::: RECORDS PROVIDED

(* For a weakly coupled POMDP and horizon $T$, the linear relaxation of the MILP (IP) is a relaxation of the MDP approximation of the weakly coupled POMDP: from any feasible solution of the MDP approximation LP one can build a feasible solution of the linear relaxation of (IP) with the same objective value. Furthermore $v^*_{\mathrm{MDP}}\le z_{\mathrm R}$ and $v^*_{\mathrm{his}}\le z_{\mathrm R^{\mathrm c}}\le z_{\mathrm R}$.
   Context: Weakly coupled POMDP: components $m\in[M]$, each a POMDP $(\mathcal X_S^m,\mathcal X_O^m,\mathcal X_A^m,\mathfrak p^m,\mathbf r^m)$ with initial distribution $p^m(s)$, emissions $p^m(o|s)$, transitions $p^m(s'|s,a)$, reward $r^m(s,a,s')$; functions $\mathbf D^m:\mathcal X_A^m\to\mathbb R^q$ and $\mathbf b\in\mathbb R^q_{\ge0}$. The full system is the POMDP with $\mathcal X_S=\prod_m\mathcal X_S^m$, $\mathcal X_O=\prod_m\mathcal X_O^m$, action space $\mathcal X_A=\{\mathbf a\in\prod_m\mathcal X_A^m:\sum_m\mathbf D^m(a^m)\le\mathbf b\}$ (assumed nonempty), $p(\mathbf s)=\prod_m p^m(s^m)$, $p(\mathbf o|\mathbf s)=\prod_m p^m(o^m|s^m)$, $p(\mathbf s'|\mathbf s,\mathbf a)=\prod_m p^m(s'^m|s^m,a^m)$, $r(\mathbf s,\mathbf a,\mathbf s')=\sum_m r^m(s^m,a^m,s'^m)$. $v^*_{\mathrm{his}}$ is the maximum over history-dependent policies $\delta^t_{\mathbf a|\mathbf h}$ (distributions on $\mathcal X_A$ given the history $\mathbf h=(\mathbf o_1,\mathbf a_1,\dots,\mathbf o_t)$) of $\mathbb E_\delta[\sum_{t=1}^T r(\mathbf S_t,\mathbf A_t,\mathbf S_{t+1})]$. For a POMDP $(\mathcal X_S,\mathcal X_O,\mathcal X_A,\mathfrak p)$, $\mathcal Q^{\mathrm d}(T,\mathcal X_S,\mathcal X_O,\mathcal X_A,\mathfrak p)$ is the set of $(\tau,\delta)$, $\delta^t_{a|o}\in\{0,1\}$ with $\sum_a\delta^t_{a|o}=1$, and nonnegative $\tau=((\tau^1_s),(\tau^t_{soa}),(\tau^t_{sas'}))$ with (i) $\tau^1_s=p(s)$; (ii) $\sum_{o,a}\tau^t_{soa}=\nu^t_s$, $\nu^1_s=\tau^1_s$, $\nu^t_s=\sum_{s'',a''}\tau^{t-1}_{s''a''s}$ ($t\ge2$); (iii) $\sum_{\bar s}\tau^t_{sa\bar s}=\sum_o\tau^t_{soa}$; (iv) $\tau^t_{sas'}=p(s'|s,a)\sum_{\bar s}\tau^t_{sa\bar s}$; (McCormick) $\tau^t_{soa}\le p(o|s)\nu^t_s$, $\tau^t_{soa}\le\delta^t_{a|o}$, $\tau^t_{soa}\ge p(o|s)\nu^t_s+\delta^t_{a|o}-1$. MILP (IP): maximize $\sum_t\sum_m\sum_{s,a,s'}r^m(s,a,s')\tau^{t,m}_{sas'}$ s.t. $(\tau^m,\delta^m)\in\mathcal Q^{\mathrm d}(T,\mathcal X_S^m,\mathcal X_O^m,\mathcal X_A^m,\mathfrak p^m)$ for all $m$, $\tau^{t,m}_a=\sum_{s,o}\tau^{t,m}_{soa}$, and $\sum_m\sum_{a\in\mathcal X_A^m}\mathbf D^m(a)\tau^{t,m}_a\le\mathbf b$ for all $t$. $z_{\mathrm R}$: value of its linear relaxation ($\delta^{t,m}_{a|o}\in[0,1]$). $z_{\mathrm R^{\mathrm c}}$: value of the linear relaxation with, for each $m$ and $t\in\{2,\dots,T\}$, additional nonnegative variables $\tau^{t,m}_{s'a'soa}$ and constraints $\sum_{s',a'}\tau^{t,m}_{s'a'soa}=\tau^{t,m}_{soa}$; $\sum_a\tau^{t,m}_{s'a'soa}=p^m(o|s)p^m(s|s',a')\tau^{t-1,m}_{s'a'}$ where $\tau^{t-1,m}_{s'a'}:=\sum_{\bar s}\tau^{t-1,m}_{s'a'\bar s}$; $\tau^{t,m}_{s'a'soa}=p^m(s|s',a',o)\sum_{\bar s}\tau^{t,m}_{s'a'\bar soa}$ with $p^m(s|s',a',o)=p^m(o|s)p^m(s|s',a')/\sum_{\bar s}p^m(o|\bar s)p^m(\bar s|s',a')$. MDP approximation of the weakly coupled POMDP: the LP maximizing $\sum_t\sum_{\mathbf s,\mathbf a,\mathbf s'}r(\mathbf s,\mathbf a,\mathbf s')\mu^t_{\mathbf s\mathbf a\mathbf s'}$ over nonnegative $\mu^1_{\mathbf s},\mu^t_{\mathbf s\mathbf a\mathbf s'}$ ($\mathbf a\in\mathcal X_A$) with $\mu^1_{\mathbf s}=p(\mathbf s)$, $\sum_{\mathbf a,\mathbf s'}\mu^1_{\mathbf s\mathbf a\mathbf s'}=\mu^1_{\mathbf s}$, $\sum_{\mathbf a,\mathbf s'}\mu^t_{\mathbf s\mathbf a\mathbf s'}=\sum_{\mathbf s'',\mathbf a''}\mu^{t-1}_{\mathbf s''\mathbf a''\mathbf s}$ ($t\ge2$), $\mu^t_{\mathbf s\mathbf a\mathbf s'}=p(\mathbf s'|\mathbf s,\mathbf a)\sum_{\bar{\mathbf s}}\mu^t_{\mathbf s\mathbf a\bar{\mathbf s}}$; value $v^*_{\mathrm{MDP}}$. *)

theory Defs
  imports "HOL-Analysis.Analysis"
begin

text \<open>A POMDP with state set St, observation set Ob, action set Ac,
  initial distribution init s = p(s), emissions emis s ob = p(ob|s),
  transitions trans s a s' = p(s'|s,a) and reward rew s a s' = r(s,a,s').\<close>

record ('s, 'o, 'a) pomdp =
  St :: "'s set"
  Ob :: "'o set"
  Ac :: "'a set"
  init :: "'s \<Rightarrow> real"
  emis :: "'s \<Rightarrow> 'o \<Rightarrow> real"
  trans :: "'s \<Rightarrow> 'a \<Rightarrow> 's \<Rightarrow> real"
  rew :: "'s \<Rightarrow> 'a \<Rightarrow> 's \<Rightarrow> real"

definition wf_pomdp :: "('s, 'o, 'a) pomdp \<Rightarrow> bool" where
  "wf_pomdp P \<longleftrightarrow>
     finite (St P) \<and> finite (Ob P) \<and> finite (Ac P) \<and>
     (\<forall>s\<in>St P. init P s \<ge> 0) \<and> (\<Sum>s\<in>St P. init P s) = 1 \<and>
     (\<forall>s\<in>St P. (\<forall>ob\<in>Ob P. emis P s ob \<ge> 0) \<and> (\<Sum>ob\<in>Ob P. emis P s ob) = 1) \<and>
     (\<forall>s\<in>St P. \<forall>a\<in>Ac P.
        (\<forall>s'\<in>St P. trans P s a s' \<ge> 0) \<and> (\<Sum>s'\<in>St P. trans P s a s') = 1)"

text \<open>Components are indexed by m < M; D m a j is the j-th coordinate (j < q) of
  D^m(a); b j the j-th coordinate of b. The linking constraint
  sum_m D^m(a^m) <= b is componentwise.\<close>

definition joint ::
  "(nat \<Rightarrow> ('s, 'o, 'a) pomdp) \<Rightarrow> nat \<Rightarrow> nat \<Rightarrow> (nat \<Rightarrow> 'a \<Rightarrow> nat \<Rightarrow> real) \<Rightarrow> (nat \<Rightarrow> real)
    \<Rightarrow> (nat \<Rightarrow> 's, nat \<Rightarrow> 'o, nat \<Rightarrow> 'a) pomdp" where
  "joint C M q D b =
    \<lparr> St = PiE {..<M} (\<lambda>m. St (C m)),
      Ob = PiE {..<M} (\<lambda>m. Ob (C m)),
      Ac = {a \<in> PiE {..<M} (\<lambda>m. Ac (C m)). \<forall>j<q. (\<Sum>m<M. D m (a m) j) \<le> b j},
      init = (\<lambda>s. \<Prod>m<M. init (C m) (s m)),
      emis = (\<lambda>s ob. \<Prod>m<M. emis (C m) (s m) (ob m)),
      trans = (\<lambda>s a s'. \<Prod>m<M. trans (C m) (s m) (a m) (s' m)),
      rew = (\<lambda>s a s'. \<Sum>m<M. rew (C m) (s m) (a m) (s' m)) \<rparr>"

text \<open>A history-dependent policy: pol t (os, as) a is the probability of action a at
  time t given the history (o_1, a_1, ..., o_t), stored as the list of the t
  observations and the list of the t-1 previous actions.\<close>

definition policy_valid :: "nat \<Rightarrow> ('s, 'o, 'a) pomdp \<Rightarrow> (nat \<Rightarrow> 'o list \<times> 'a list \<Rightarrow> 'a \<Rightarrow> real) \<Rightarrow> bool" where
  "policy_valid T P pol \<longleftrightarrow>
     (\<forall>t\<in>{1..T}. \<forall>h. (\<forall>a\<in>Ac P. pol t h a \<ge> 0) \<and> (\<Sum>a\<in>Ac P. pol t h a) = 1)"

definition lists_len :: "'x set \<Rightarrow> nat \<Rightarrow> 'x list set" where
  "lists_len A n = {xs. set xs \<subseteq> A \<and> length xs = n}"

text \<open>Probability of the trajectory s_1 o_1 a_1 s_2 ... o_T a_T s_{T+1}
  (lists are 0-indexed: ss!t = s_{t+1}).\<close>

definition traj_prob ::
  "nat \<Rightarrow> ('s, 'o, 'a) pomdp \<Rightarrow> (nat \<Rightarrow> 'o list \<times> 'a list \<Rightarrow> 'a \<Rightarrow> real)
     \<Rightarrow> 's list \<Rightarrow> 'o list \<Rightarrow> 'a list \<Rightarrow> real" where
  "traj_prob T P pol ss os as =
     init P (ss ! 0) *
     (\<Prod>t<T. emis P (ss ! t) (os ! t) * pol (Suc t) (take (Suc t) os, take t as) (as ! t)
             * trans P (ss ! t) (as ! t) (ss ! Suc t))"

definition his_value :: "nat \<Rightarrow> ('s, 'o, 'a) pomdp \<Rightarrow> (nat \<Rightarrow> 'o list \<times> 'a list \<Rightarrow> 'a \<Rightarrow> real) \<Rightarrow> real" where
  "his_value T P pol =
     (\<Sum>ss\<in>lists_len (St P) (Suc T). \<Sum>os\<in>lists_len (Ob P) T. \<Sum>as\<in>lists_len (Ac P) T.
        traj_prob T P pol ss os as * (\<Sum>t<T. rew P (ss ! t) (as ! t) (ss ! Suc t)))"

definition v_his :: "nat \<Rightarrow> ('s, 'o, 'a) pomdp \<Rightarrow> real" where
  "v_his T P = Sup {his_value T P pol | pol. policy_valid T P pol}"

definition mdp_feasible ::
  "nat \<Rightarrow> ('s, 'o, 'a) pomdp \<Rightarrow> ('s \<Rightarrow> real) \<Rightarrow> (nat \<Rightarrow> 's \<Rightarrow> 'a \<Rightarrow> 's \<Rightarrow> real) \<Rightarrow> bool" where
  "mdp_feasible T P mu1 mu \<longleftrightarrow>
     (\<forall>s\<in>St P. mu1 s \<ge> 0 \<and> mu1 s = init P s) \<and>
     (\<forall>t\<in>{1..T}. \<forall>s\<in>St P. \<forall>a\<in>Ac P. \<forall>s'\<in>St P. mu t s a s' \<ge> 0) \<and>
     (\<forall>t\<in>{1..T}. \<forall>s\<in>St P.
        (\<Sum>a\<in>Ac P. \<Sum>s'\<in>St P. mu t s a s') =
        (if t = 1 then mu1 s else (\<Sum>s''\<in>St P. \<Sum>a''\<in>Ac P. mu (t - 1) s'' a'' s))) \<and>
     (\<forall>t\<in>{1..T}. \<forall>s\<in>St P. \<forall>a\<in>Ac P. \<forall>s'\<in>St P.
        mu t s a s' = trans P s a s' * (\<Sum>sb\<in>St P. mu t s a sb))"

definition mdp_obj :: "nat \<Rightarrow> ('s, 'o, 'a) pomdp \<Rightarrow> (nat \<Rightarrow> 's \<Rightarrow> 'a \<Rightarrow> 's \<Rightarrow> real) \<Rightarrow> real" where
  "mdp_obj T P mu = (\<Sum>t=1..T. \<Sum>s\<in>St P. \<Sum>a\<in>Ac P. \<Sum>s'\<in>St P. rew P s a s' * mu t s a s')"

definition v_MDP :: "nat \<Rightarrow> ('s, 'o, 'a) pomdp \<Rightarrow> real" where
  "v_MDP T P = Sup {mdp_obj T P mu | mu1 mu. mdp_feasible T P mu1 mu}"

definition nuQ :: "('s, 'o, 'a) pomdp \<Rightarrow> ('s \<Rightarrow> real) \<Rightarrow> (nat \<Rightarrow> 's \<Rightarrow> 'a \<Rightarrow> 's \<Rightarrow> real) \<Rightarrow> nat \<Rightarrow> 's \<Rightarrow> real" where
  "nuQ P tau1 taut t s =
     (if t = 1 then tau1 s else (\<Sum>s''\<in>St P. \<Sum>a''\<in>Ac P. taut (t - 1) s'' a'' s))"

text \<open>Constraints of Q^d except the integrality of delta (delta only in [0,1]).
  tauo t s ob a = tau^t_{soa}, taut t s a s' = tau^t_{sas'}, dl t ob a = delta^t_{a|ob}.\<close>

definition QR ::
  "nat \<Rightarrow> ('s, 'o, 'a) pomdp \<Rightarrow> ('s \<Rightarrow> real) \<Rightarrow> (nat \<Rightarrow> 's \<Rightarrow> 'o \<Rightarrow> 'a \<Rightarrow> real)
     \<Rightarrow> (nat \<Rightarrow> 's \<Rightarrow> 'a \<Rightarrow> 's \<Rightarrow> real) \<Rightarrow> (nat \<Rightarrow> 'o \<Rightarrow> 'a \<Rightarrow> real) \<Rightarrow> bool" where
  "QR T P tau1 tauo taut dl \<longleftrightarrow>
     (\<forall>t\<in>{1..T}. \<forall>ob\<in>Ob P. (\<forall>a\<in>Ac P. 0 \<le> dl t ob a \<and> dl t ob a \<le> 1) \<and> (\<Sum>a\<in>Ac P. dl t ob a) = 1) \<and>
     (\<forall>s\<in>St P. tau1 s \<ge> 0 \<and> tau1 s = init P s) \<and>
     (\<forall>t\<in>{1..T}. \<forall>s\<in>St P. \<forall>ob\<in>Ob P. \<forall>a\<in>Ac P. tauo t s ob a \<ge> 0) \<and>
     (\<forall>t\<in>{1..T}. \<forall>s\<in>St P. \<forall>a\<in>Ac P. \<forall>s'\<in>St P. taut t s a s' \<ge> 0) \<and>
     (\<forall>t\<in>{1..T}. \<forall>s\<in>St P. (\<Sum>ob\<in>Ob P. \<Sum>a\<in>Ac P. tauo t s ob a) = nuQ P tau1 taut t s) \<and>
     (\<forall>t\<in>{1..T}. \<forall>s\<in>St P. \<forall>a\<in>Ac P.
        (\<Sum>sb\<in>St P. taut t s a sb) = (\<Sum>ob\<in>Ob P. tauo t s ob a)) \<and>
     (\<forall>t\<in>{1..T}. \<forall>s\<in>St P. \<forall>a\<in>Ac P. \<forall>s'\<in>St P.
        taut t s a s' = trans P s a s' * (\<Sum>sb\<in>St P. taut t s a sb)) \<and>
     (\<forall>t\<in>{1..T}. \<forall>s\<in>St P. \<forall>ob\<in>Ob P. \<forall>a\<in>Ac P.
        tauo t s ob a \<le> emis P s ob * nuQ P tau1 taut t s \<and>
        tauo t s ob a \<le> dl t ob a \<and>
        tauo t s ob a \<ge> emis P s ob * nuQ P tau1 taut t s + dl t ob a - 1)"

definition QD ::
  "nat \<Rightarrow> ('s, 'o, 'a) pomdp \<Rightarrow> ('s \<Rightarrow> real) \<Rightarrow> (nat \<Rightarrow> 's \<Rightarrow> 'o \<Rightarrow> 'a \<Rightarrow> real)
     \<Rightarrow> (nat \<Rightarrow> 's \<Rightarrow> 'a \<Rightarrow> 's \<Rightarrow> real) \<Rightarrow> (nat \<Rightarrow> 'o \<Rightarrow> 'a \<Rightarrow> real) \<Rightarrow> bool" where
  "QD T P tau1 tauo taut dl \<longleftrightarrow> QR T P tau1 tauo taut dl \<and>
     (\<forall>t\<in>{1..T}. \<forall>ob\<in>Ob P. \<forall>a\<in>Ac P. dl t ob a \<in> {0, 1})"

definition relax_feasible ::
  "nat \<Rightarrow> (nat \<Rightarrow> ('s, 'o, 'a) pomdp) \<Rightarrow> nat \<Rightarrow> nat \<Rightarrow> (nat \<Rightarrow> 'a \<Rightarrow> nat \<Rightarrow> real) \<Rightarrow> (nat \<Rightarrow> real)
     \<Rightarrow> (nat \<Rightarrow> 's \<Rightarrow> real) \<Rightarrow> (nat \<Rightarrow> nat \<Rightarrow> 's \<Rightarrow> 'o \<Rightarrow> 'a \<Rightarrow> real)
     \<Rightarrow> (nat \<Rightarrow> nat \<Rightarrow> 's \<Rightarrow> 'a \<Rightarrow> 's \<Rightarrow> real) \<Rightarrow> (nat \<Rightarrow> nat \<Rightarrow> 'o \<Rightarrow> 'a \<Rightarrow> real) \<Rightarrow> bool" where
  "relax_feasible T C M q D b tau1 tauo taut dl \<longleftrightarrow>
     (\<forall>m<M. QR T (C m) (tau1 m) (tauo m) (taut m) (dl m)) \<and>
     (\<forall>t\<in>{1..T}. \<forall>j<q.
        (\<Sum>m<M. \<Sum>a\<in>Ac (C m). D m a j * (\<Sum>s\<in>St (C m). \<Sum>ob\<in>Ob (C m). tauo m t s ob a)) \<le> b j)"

::::::

### WORK REQUEST
Across all the records, find the lines containing the word "close" and reproduce each one.

### WORKED SOLUTION
  transitions trans s a s' = p(s'|s,a) and reward rew s a s' = r(s,a,s').\<close>
  sum_m D^m(a^m) <= b is componentwise.\<close>
  observations and the list of the t-1 previous actions.\<close>
  (lists are 0-indexed: ss!t = s_{t+1}).\<close>
  tauo t s ob a = tau^t_{soa}, taut t s a s' = tau^t_{sas'}, dl t ob a = delta^t_{a|ob}.\<close>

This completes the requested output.